The fastest PostgreSQL libpq-based driver for Haskell
http://hackage.haskell.org/package/hasql
MIT License
519 stars 55 forks source link

Could `Value` be representational? #137

Closed ocharles closed 3 years ago

ocharles commented 3 years ago

Currently Hasql.Decoders.Value takes a nominal type. This means that Values cannot be coerced. This is a bit of a shame, because we could imagine having

class HasValue a where
  value :: Value a

instance HasValue Bool where
  value = bool

newtype MyBool = MyBool Bool
  deriving newtype (HasValue)

I can work around this, because I can do:

class HasValue a where
  value :: Yoneda Value a

data Yoneda f a where
  Yoneda :: f x -> (x -> a) -> Yoneda f a

But this is obviously not ideal.

How do you feel about adding

type role Value representational

?

nikita-volkov commented 3 years ago

It refuses to compile.

Annotation says representational but role nominal is required

I even tried getting down to the root of the parser hierarchy, which is

newtype BinaryParser a =
  BinaryParser ( StateT ByteString ( Except Text ) a )
  deriving ( Functor , Applicative , Alternative , Monad , MonadPlus , MonadError Text )

type role BinaryParser representational

And it fails for the same reason.

ocharles commented 3 years ago

Hmm, I wonder what is causing it be nominal. Perhaps it gets all the way down to StateT being nominal? What if you explicitly write out BinaryParser (ByteString -> Either Text (a, ByteString))?

nikita-volkov commented 3 years ago

You're right! The fix will be released in 1.4.5 in minutes.
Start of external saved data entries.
(* Let $F$ be a field of characteristic $0$, $d\ge1$, $\lambda\vdash k$ a partition with $n$ parts and $\sigma\in S_n$. If the largest part of $\sigma(\lambda)$ is at least $2d$, then $\mathrm{tr}(\sigma\,ST(\lambda)(x_1,\dots,x_k))=0$ for all $x_1,\dots,x_k\in M_d(F)$.
   Context: $ST(\lambda)$: for $\lambda=(h_1,\dots,h_n)\vdash k$, set $X_j:=x_{h_1+\dots+h_{j-1}+1}\cdots x_{h_1+\dots+h_j}$ and $ST(\lambda)(x_1,\dots,x_k):=\sum_{\tau\in S_k}\epsilon_\tau (X_1\otimes\cdots\otimes X_n)(x_{\tau(1)},\dots,x_{\tau(k)})$, evaluated in $M_d(F)^{\otimes n}=\mathrm{End}((F^d)^{\otimes n})$. $S_n$ acts on $(F^d)^{\otimes n}$ by permuting tensor factors. For $\sigma\in S_n$ with cycle decomposition $c_1\cdots c_l$ (fixed points included as $1$-cycles), $\sigma(\lambda)$ is the partition $(\sum_{i\in c_1}h_i,\dots,\sum_{i\in c_l}h_i)$ arranged non-increasingly. *)

theory Defs
  imports "Jordan_Normal_Form.Matrix" "HOL-Combinatorics.Permutations" "HOL-Library.FuncSet"
    "HOL-Library.Multiset"
begin

text \<open>Elements of the tensor power (F^d)^{\<otimes>n} are indexed (w.r.t. the standard basis
 e_{i_0} \<otimes> ... \<otimes> e_{i_{n-1}}) by index functions i : {0..<n} \<rightarrow> {0..<d}.
 Endomorphisms of (F^d)^{\<otimes>n} are represented by their matrices, i.e. functions of two index
 functions.  All indices are 0-based.\<close>

definition tidx :: "nat \<Rightarrow> nat \<Rightarrow> (nat \<Rightarrow> nat) set" where
  "tidx d n = {0..<n} \<rightarrow>\<^sub>E {0..<d}"

type_synonym 'a tmat = "(nat \<Rightarrow> nat) \<Rightarrow> (nat \<Rightarrow> nat) \<Rightarrow> 'a"

definition tmult :: "nat \<Rightarrow> nat \<Rightarrow> 'a::comm_ring_1 tmat \<Rightarrow> 'a tmat \<Rightarrow> 'a tmat" where
  "tmult d n A B = (\<lambda>i i''. \<Sum>i'\<in>tidx d n. A i i' * B i' i'')"

definition ttrace :: "nat \<Rightarrow> nat \<Rightarrow> 'a::comm_ring_1 tmat \<Rightarrow> 'a" where
  "ttrace d n A = (\<Sum>i\<in>tidx d n. A i i)"

definition tensor_op :: "nat \<Rightarrow> (nat \<Rightarrow> 'a::comm_ring_1 mat) \<Rightarrow> 'a tmat" where
  "tensor_op n As = (\<lambda>i i'. \<Prod>j<n. As j $$ (i j, i' j))"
Lack of coercibility has been a long observed issue which I didn't understand the roots of. I guess I've learned something today :) Thanks!

ocharles commented 3 years ago

Hurrah, thanks @nikita-volkov! Now we can remove our hacky workaround :)

nikita-volkov commented 3 years ago

Sorry. Forgot to actually publish the package :) Now it's on Hackage.